Within the listing below, how many lines contain the word "definition"? Answer with the number only.

[Available data]
- - - -

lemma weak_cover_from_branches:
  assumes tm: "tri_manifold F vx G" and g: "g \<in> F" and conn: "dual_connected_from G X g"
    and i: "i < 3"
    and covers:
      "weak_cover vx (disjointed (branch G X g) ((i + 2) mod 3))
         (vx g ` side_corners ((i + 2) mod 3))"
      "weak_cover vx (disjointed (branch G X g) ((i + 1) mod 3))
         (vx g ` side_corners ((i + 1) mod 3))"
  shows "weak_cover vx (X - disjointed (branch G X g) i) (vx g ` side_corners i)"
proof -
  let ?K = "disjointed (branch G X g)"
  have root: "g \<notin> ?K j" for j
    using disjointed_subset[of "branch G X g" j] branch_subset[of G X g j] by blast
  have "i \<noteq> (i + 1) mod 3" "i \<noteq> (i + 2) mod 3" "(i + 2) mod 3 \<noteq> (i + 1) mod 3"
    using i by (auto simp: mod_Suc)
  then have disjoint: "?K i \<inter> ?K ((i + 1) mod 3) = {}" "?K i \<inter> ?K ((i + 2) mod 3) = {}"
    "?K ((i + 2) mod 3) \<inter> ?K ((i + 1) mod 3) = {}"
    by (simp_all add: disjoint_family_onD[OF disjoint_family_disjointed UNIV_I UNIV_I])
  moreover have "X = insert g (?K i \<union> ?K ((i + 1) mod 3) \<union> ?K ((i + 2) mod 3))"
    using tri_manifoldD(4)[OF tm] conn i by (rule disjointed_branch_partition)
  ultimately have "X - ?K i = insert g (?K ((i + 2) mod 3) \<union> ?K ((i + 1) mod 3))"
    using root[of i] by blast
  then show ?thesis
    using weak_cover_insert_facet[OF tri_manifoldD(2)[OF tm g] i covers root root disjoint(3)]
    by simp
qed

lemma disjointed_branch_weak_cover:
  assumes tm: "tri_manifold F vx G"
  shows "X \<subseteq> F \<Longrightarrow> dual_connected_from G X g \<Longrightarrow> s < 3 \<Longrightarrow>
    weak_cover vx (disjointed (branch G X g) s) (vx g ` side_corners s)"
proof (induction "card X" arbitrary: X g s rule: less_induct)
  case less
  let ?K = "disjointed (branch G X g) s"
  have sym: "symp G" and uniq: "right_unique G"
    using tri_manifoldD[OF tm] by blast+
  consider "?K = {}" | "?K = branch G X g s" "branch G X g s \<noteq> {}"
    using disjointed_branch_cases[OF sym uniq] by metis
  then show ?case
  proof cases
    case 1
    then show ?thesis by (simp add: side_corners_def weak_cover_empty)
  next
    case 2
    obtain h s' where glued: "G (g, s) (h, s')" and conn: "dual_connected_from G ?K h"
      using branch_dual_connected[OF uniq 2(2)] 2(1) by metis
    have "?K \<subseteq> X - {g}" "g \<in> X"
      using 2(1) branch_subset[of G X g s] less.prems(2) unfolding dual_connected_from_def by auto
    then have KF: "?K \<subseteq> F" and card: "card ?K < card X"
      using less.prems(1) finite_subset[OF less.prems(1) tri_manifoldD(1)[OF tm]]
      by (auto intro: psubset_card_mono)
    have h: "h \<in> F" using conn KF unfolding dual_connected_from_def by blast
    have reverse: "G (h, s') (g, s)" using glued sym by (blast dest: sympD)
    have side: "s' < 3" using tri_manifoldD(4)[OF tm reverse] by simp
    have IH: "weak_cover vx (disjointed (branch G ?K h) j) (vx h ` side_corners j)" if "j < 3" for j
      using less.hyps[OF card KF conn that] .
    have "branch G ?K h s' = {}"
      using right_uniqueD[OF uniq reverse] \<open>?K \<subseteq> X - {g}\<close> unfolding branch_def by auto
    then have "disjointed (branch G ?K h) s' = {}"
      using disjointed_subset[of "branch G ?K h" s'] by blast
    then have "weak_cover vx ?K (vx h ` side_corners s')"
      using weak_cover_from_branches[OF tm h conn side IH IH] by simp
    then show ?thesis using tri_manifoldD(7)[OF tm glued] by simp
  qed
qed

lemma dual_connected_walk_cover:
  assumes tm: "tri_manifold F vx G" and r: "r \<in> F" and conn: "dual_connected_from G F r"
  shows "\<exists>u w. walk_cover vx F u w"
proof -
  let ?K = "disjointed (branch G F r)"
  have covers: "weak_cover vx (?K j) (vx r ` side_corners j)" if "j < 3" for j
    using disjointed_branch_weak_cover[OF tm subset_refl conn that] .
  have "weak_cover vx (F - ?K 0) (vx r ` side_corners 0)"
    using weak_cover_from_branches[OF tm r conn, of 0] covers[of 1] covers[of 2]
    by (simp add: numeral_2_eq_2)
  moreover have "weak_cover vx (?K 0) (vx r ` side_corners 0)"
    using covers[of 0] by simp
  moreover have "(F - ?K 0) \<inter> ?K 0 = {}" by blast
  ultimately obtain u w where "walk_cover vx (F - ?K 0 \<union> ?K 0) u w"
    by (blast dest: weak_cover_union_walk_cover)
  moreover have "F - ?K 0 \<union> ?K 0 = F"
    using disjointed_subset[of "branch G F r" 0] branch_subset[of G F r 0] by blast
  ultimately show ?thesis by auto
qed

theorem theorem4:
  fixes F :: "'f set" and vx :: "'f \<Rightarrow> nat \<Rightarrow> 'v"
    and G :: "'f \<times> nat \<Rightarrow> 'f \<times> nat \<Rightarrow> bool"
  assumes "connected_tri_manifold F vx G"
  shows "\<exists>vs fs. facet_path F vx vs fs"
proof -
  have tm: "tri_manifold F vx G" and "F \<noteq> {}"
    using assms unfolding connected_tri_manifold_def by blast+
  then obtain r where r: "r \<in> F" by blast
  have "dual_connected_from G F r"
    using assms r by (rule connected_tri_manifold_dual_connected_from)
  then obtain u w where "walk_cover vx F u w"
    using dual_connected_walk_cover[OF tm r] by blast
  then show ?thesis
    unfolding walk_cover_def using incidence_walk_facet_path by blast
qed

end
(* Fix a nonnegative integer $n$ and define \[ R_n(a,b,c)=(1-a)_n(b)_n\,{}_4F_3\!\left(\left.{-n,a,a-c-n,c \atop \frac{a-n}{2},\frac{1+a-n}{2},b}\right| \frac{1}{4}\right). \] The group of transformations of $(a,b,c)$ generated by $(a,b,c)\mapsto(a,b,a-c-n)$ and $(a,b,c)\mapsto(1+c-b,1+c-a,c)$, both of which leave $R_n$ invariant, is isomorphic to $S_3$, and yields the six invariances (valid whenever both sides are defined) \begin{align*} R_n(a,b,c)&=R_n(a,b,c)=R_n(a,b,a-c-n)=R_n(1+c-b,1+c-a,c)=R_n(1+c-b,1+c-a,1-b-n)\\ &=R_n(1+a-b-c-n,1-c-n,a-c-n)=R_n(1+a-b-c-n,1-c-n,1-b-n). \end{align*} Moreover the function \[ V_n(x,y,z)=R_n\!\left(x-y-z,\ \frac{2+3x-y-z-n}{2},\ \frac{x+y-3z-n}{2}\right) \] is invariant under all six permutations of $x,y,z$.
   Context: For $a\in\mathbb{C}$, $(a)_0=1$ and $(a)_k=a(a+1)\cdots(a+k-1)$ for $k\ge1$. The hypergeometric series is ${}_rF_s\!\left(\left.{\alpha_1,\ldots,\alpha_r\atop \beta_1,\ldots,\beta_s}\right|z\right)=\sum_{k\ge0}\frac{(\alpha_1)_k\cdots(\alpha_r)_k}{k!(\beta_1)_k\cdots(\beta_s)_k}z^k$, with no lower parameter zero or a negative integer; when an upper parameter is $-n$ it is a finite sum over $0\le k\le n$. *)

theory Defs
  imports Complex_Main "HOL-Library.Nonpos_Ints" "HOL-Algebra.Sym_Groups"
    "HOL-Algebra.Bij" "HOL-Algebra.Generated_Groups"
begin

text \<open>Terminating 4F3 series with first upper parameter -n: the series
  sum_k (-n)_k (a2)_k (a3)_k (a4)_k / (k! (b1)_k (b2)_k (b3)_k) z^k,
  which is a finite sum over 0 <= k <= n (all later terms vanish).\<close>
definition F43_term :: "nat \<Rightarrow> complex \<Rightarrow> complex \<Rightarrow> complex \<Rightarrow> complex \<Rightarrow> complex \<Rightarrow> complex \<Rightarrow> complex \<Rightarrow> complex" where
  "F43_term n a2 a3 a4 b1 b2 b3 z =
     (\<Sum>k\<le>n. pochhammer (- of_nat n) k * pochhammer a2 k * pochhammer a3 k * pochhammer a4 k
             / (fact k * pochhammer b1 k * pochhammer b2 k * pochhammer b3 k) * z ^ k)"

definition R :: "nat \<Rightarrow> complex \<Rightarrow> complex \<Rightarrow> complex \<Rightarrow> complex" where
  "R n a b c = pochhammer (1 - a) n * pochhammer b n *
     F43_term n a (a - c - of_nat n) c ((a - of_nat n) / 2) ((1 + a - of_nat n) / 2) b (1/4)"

- - - -

[Answer space] 2